IMPORT CONFIG FILE - opens an existing configuration file. Use the internet browser to select the desired file. (Configuration files use a *.lcs extension.)

Note: In working with the LCG, the power must be cycled from time to time. The user will be prompted to turn power to the ON position or to the OFF position. If the power cycle is not completed in ten seconds, a message will appear. The message prompts the user to retry. The message also prompts the current activity to be stopped.

Once a valid file or valid LCG has been identified, a screen is displayed. Refer to illustration 43. The box in the center of the screen determines the version of the LCG.

Illustration 43	g01290774

The configuration menu will allow the user to download different configuration files to the LCG.

Illustration 44	g01290778

If you select the Write Configuration File To LCS button you will be able to select a file from a location of your choice. Refer to illustration 45.

Illustration 45	g01290779

Speed governor applications

Show/hide table

NOTICE
Know in advance how to safely shut off the engine during normal and emergency stop conditions. When power to the governor is shut off, this does not guarantee a shutdown; it depends on the final application. Safety needs to be the primary thought during this procedure.

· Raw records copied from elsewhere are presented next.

lemma inverse_poly_value_eq_poly_value:
  fixes b :: "'a::field_char_0"
  assumes F: "F \<noteq> 0" "poly (map_poly of_rat F) b = 0" and q: "poly (map_poly of_rat q) b \<noteq> 0"
  obtains t where "inverse (poly (map_poly of_rat q) b) = poly (map_poly of_rat t) b"
proof -
  define ev where "ev H = poly (map_poly (of_rat :: rat \<Rightarrow> 'a) H) b" for H
  have ev_mult: "ev (A * B) = ev A * ev B" and ev_add: "ev (A + B) = ev A + ev B" for A B
    by (simp_all add: ev_def map_poly_of_rat_mult map_poly_of_rat_add)
  have "\<exists>m. (m \<noteq> 0 \<and> ev m = 0) \<and> (\<forall>H. H \<noteq> 0 \<and> ev H = 0 \<longrightarrow> degree m \<le> degree H)"
    by (rule ex_has_least_nat) (use F in \<open>simp add: ev_def\<close>)
  then obtain m where m: "m \<noteq> 0" "ev m = 0"
    and m_min: "\<And>H. H \<noteq> 0 \<Longrightarrow> ev H = 0 \<Longrightarrow> degree m \<le> degree H"
    by blast
  obtain s t where st: "bezout_coefficients m q = (s, t)" by (cases "bezout_coefficients m q")
  define d where "d = gcd m q"
  have "s * m + t * q = d" using bezout_coefficients[OF st] d_def by simp
  then have bezout: "ev s * ev m + ev t * ev q = ev d" by (simp flip: ev_add ev_mult)
  obtain e where e: "m = d * e" using d_def by (metis dvdE gcd_dvd1)
  obtain h where "q = d * h" using d_def by (metis dvdE gcd_dvd2)
  then have "ev d \<noteq> 0" using q ev_mult ev_def by auto
  then have "ev e = 0" "e \<noteq> 0" using m e ev_mult by auto
  then have "degree d = 0"
    using m_min[of e] m e by (auto simp: degree_mult_eq)
  then obtain c where c: "d = [:c:]" by (metis degree_eq_zeroE)
  have "c \<noteq> 0" using c \<open>ev d \<noteq> 0\<close> ev_def by auto
  have "ev t * ev q = of_rat c" using bezout m c ev_def by (simp add: map_poly_pCons)
  then have "inverse (ev q) = ev (smult (inverse c) t)"
    using \<open>c \<noteq> 0\<close> q by (simp add: ev_def map_poly_of_rat_smult field_simps of_rat_divide)
  then show ?thesis using that unfolding ev_def by blast
qed

lemma rat_field_gen_eq_poly_value:
  assumes "F \<noteq> 0" "poly (map_poly of_rat F) b = 0" and "x \<in> rat_field_gen b"
  obtains H where "x = poly (map_poly of_rat H) b"
proof -
  obtain p q where q: "poly (map_poly of_rat q) b \<noteq> 0"
    and x: "x = poly (map_poly of_rat p) b / poly (map_poly of_rat q) b"
    using assms(3) unfolding rat_field_gen_iff by blast
  obtain t where "inverse (poly (map_poly of_rat q) b) = poly (map_poly of_rat t) b"
    using inverse_poly_value_eq_poly_value[OF assms(1,2) q] .
  then have "x = poly (map_poly of_rat (p * t)) b"
    by (simp add: x divide_inverse map_poly_of_rat_mult)
  then show ?thesis using that by blast
qed

context
  fixes K :: "complex set" and v :: "complex \<Rightarrow> real"
  assumes K: "subring K" and v: "abs_value_on K v"
begin

lemma abs_value_nonneg: "x \<in> K \<Longrightarrow> 0 \<le> v x"
  using v unfolding abs_value_on_def by blast

lemma abs_value_eq_0_iff: "x \<in> K \<Longrightarrow> v x = 0 \<longleftrightarrow> x = 0"
  using v unfolding abs_value_on_def by blast

lemma abs_value_mult: "x \<in> K \<Longrightarrow> y \<in> K \<Longrightarrow> v (x * y) = v x * v y"
  using v unfolding abs_value_on_def by blast

lemma abs_value_one: "v 1 = 1"
proof -
  have "v 1 = v 1 * v 1" using abs_value_mult subring.one_mem[OF K] by fastforce
  moreover have "v 1 \<noteq> 0" using abs_value_eq_0_iff subring.one_mem[OF K] by simp
  ultimately show ?thesis by simp
qed

lemma abs_value_minus_one: "v (- 1) = 1"
proof -
  have "- 1 \<in> K" using subring.of_int_mem[OF K, of "- 1"] by simp
  then have "v (- 1) * v (- 1) = 1" and "0 \<le> v (- 1)"
    using abs_value_mult[of "- 1" "- 1"] abs_value_one abs_value_nonneg by auto
  then show ?thesis by (metis abs_of_nonneg abs_square_eq_1 power2_eq_square)
qed

lemma abs_value_power: "x \<in> K \<Longrightarrow> v (x ^ n) = v x ^ n"
  by (induction n) (simp_all add: abs_value_one abs_value_mult subring.power_mem[OF K])

lemma abs_value_uminus: "x \<in> K \<Longrightarrow> v (- x) = v x"
  using abs_value_mult[of "- 1" x] subring.of_int_mem[OF K, of "- 1"] abs_value_minus_one by simp

lemma unstable_at_iff_abs_value_gt_one:
  assumes "\<beta> \<in> K" "inverse \<beta> \<in> K" "\<beta> \<noteq> 0"
  shows "unstable_at \<beta> v \<longleftrightarrow> 1 < v \<beta>"
proof -
  have "v \<beta> * v (inverse \<beta>) = 1"
    using abs_value_mult[OF assms(1,2)] assms(3) abs_value_one by simp
  then have inv: "v (inverse \<beta>) = inverse (v \<beta>)" by (rule inverse_unique[symmetric])
  have pos: "0 < v \<beta>" using abs_value_nonneg abs_value_eq_0_iff assms by force
  have "unstable_at \<beta> v \<longleftrightarrow> (\<lambda>n. inverse (v \<beta>) ^ n) \<longlonglongrightarrow> 0"
    unfolding unstable_at_def abs_value_power[OF assms(2)] inv ..
  also have "\<dots> \<longleftrightarrow> 1 < v \<beta>"
  proof
    assume lim: "(\<lambda>n. inverse (v \<beta>) ^ n) \<longlonglongrightarrow> 0"
    show "1 < v \<beta>"
    proof (rule ccontr)
      assume "\<not> 1 < v \<beta>"
      then have "1 \<le> inverse (v \<beta>) ^ n" for n using pos by (simp add: one_le_inverse)
      then have "1 \<le> (0::real)" using LIMSEQ_le_const[OF lim] by blast
      then show False by simp
    qed
  next
    assume "1 < v \<beta>"
    then show "(\<lambda>n. inverse (v \<beta>) ^ n) \<longlonglongrightarrow> 0" using pos
      by (intro LIMSEQ_power_zero) (simp add: inverse_less_1_iff)
  qed
  finally show ?thesis .
qed

context
  assumes nonarch: "\<not> archimedean_on K v"
begin

lemma abs_value_ultrametric: "x \<in> K \<Longrightarrow> y \<in> K \<Longrightarrow> v (x + y) \<le> max (v x) (v y)"
  using nonarch unfolding archimedean_on_def by blast

lemma abs_value_of_nat_le_one: "v (of_nat m) \<le> 1"
proof (induction m)
  case 0
  then show ?case using abs_value_eq_0_iff[OF subring.zero_mem[OF K]] by simp
next
  case (Suc m)
  then show ?case
    using abs_value_ultrametric[OF subring.of_nat_mem[OF K] subring.one_mem[OF K], of m]
    by (simp add: abs_value_one add.commute)
qed

lemma abs_value_of_int_le_one: "v (of_int n) \<le> 1"
proof (cases "n \<ge> 0")
  case True
  then show ?thesis using abs_value_of_nat_le_one[of "nat n"] by simp
next
  case False
  then have "of_int n = - (of_nat (nat (- n)) :: complex)" by simp
  then show ?thesis
    using abs_value_uminus[OF subring.of_nat_mem[OF K]] abs_value_of_nat_le_one by simp
qed

lemma abs_value_int_sum_le:
  assumes "\<beta> \<in> K" "1 \<le> v \<beta>"
  shows "v (\<Sum>i\<le>n. of_int (a i) * \<beta> ^ i) \<le> v \<beta> ^ n"
proof (induction n)
  case 0
  then show ?case using abs_value_of_int_le_one by simp
next
  case (Suc n)
  have mem: "of_int (a i) * \<beta> ^ i \<in> K" for i
    using assms(1) K by (intro subring.mult_mem subring.of_int_mem subring.power_mem)
  have "v (\<Sum>i\<le>Suc n. of_int (a i) * \<beta> ^ i) =
        v ((\<Sum>i\<le>n. of_int (a i) * \<beta> ^ i) + of_int (a (Suc n)) * \<beta> ^ Suc n)"
    by simp
  also have "\<dots> \<le> max (v (\<Sum>i\<le>n. of_int (a i) * \<beta> ^ i)) (v (of_int (a (Suc n)) * \<beta> ^ Suc n))"
    using abs_value_ultrametric[OF subring.sum_mem[OF K mem] mem] .
  also have "\<dots> \<le> v \<beta> ^ Suc n"
  proof (rule max.boundedI)
    have "v \<beta> ^ n \<le> v \<beta> ^ Suc n" using assms(2) by (intro power_increasing) simp_all
    then show "v (\<Sum>i\<le>n. of_int (a i) * \<beta> ^ i) \<le> v \<beta> ^ Suc n" using Suc by linarith
    have "v (of_int (a (Suc n)) * \<beta> ^ Suc n) = v (of_int (a (Suc n))) * v \<beta> ^ Suc n"
      using abs_value_mult[OF subring.of_int_mem[OF K] subring.power_mem[OF K assms(1)]]
        abs_value_power[OF assms(1)] by (simp del: power_Suc)
    also have "\<dots> \<le> v \<beta> ^ Suc n"
      using abs_value_of_int_le_one[of "a (Suc n)"] abs_value_nonneg[OF subring.of_int_mem[OF K]] assms(2)
      by (intro mult_left_le_one_le) auto
    finally show "v (of_int (a (Suc n)) * \<beta> ^ Suc n) \<le> v \<beta> ^ Suc n" .
  qed
  finally show ?case .
qed

lemma abs_value_le_one_of_root_of_unit_lead_coeff:
  assumes lc: "lead_coeff f = 1 \<or> lead_coeff f = -1"
    and root: "poly (map_poly of_int f) \<beta> = 0" and "\<beta> \<in> K"
  shows "v \<beta> \<le> 1"
proof (rule ccontr)
  assume "\<not> v \<beta> \<le> 1"
  then have gt: "1 < v \<beta>" by simp
  define d where "d = degree f"
  have "d \<noteq> 0"
  proof
    assume "d = 0"
    then have "poly (map_poly (of_int :: int \<Rightarrow> complex) f) \<beta> = of_int (lead_coeff f)"
      by (simp add: poly_map_poly_of_int_eq_sum d_def)
    then show False using root lc by auto
  qed
  then obtain n where d: "d = Suc n" using not0_implies_Suc by blast
  have "0 = (\<Sum>i\<le>n. of_int (coeff f i) * \<beta> ^ i) + of_int (lead_coeff f) * \<beta> ^ d"
    using root by (simp add: poly_map_poly_of_int_eq_sum d_def[symmetric] d)
  then have eq: "of_int (lead_coeff f) * \<beta> ^ d = - (\<Sum>i\<le>n. of_int (coeff f i) * \<beta> ^ i)"
    by (simp add: eq_neg_iff_add_eq_0 add.commute)
  have mem: "of_int m * \<beta> ^ i \<in> K" for m i
    using \<open>\<beta> \<in> K\<close> K by (intro subring.mult_mem subring.of_int_mem subring.power_mem)
  have "v (of_int (lead_coeff f)) = 1"
    using lc abs_value_one abs_value_minus_one by auto
  then have "v \<beta> ^ d = v (of_int (lead_coeff f) * \<beta> ^ d)"
    using abs_value_mult[OF subring.of_int_mem[OF K] subring.power_mem[OF K \<open>\<beta> \<in> K\<close>]]
      abs_value_power[OF \<open>\<beta> \<in> K\<close>] by simp
  also have "\<dots> = v (\<Sum>i\<le>n. of_int (coeff f i) * \<beta> ^ i)"
    unfolding eq by (rule abs_value_uminus[OF subring.sum_mem[OF K mem]])
  also have "\<dots> \<le> v \<beta> ^ n" using abs_value_int_sum_le \<open>\<beta> \<in> K\<close> gt by simp
  finally show False using gt d by simp
qed

end

end

section \<open>Chevalley's extension theorem\<close>

lemma degree_less_if_top_coeff_zero:
  "degree p \<le> n \<Longrightarrow> coeff p n = 0 \<Longrightarrow> 0 < n \<Longrightarrow> degree p < n"
  by (cases "p = 0") (auto simp: le_less)

(* Maximality forces every element outside V to satisfy a polynomial relation with
   coefficients in the ideal (a, b); comparing such relations for x and 1/x shows that V
   is a valuation ring. *)
locale maximal_avoiding_subring = subring V for V :: "'a::field set" +
  fixes a b :: 'a
  assumes a_mem: "a \<in> V" and b_mem: "b \<in> V"
    and one_not_mem_ideal: "1 \<notin> pair_ideal V a b"
    and maximal: "\<And>W. subring W \<Longrightarrow> V \<subseteq> W \<Longrightarrow> 1 \<notin> pair_ideal W a b \<Longrightarrow> W = V"
begin

abbreviation I :: "'a set" where "I \<equiv> pair_ideal V a b"

lemma ideal_subset: "x \<in> I \<Longrightarrow> x \<in> V"
  using pair_ideal_subset[OF a_mem b_mem] by blast

lemma ideal_relation_if_not_mem:
  assumes "y \<notin> V"
  obtains A where "\<forall>i. coeff A i \<in> I" "poly A y = 1"
proof -
  have "1 \<in> pair_ideal (poly_adjoin V y) a b"
  proof (rule ccontr)
    assume "1 \<notin> pair_ideal (poly_adjoin V y) a b"
    then have "poly_adjoin V y = V" by (rule maximal[OF subring_poly_adjoin subset_poly_adjoin])
    then show False using mem_poly_adjoin assms by blast
  qed
  then obtain u w where u: "u \<in> poly_adjoin V y" and w: "w \<in> poly_adjoin V y" and "1 = u * a + w * b"
    unfolding pair_ideal_iff by blast
  moreover obtain U where U: "\<forall>i. coeff U i \<in> V" "u = poly U y" using u unfolding poly_adjoin_def by blast
  moreover obtain W where W: "\<forall>i. coeff W i \<in> V" "w = poly W y" using w unfolding poly_adjoin_def by blast
  ultimately have "poly (smult a U + smult b W) y = 1" by (simp add: mult.commute)
  moreover have "coeff (smult a U + smult b W) i \<in> I" for i
  proof -
    have "coeff (smult a U + smult b W) i = coeff U i * a + coeff W i * b" by (simp add: mult.commute)
    then show ?thesis unfolding pair_ideal_iff using U W by blast
  qed
  ultimately show ?thesis using that by blast
qed

lemma inverse_one_minus_mem:
  assumes x: "x \<in> I" shows "inverse (1 - x) \<in> V"
proof (rule ccontr)
  assume "inverse (1 - x) \<notin> V"
  then obtain A where A: "\<forall>i. coeff A i \<in> I" "poly A (inverse (1 - x)) = 1"
    using ideal_relation_if_not_mem by blast
  have x1: "1 - x \<noteq> 0" using x one_not_mem_ideal by auto
  have "1 - x \<in> V" using diff_mem[OF one_mem ideal_subset[OF x]] .
  then have "poly (reflect_poly A) (1 - x) \<in> I"
    using A(1) pair_ideal_zero by (intro pair_ideal_poly) (auto simp: coeff_reflect_poly)
  moreover have "poly (reflect_poly A) (1 - x) = (1 - x) ^ degree A"
    using poly_reflect_poly_nz[OF x1, of A] A(2) by simp
  moreover have "1 - (1 - x) ^ n \<in> I" for n
  proof (induction n)
    case 0
    then show ?case using pair_ideal_zero by simp
  next
    case (Suc n)
    have "1 - (1 - x) ^ Suc n = (1 - (1 - x) ^ n) + (1 - x) ^ n * x" by (simp add: algebra_simps)
    also have "\<dots> \<in> I"
      using pair_ideal_add[OF Suc pair_ideal_mult[OF power_mem[OF \<open>1 - x \<in> V\<close>] x]] .
    finally show ?case .
  qed
  ultimately have "(1 - (1 - x) ^ degree A) + (1 - x) ^ degree A \<in> I"
    using pair_ideal_add by metis
  then show False using one_not_mem_ideal by simp
qed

Speed governor applications require the speed control loop is calibrated for load transients and steady state conditions. Use this procedure to derive the values of the speed control coefficients (reset, gain, and compensation) for a fixed engine speed.

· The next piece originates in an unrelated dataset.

(* Let $0<\varepsilon_0\le1$ and let $A,B,C$ be $(h_A,k_A)$-, $(h_B,k_B)$-, $(h_C,k_C)$-expansions on $(0,\varepsilon_0]$. With the operations on expansions defined in the context, the following hold as identities of expansions (equal parameters $h,k$, equal coefficients and equal remainders for the two sides): (i) $A+0=A$ where $0$ is the $(h_A,k_A)$-expansion with zero coefficients and zero remainder; $A\cdot1=A$ where $1$ is the $(0,k_A-h_A)$-expansion $1+0\varepsilon+\dots+0\varepsilon^{k_A-h_A}$ with zero remainder; $A+(-1)A=0$ (the $(h_A,k_A)$-expansion of $0$); and, if $A$ is pivotal, $A\cdot A^{-1}=1$ (the $(0,k_A-h_A)$-expansion of $1$), valid on an interval $(0,\varepsilon'_0]$ where $A(\varepsilon)\ne0$; (ii) $A+B=B+A$ and $(A+B)+C=A+(B+C)$; (iii) $A\cdot B=B\cdot A$ and $(A\cdot B)\cdot C=A\cdot(B\cdot C)$; (iv) $(A+B)\cdot C=A\cdot C+B\cdot C$.
   Context: A $(h,k)$-expansion of a real function $A$ on $(0,\varepsilon_0]$: $A(\varepsilon)=\sum_{l=h}^ka_l\varepsilon^l+o_A(\varepsilon^k)$ with integers $h\le k$, real $a_l$, $o_A(\varepsilon^k)/\varepsilon^k\to0$; pivotal means $a_h\ne0$. Operations (with $\wedge$ = min): Scalar multiple $cA$: $(h_A,k_A)$-expansion with coefficients $ca_l$ and remainder $co_A$. Sum $A+B$: $(h_A\wedge h_B,\,k_A\wedge k_B)$-expansion with coefficients $a_l+b_l$ (missing coefficients below $h_A$ resp. $h_B$ taken as $0$) and remainder $\sum_{k<i\le k_A}a_i\varepsilon^i+\sum_{k<j\le k_B}b_j\varepsilon^j+o_A+o_B$ where $k=k_A\wedge k_B$. Product $A\cdot B$: $(h_A+h_B,\,(k_A+h_B)\wedge(k_B+h_A))$-expansion with coefficients $c_{h_A+h_B+r}=\sum_{0\le i\le r}a_{h_A+i}b_{h_B+r-i}$ and remainder $\sum_{k<i+j}a_ib_j\varepsilon^{i+j}+\sum_ia_i\varepsilon^io_B+\sum_jb_j\varepsilon^jo_A+o_Ao_B$, $k$ being the new upper parameter. Reciprocal $B^{-1}$ of a pivotal $B$ (on an interval where $B\ne0$): $(-h_B,\,k_B-2h_B)$-expansion with $c_{-h_B}=b_{h_B}^{-1}$, $c_{-h_B+r}=-b_{h_B}^{-1}\sum_{1\le i\le r}b_{h_B+i}c_{-h_B+r-i}$, and remainder equal to $B^{-1}$ minus this polynomial. *)

theory Defs
  imports Complex_Main
begin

Gain will determine the speed that the control system responds to an error, when the speed reference is changed or the load changes. A value that is too high will result in fast oscillations in speed. A value that is too small will result in poor control performance. This may result in slower oscillations.

A reset prevents a slow surge at a steady state. A reset prevents a slow surge at a steady state. Restrictions are present when the speed is altered. The error returns to zero after a speed is altered. A value that is too high will result in low variations of frequency in engine speed. The actuator will tend to hit the stops. A value that is too high is indicated by an over restricted condition or a speed error that returns too slowly to zero. A value that is too low is indicated by an under restricted condition. The speed value may overshoot the reference. The speed valve may reset with several restricted oscillations. A value that is too low a value will result in a slow, low amplitude surge of speed about the speed reference.

Compensation term compensates for actuator lag. Compensation term adjusts the rate of change in the output of the actuator when the load changes in a value. A value that is too low will result in under damped control. A value that is too high will result in excessive movement of an actuator at high frequency.

Illustration 46	g01273935

Viewing and Resetting Fault Codes

To view the control fault register,, select the View Fault Codes option that is located in the Fault Code Menu. The program will display the part of the error that is in the register. Configuration error, overspeed error or failsafe error. A configuration error is the result of not downloading a configuration file into a new control. Overspeed and failsafe errors relate to issues with the MPU or the connection to an ignition system.

Illustration 47	g01290780

Reset Fault Codes

Erase the contents of the control fault register by selecting the Reset Fault Codes option. The program will reset the state of all errors.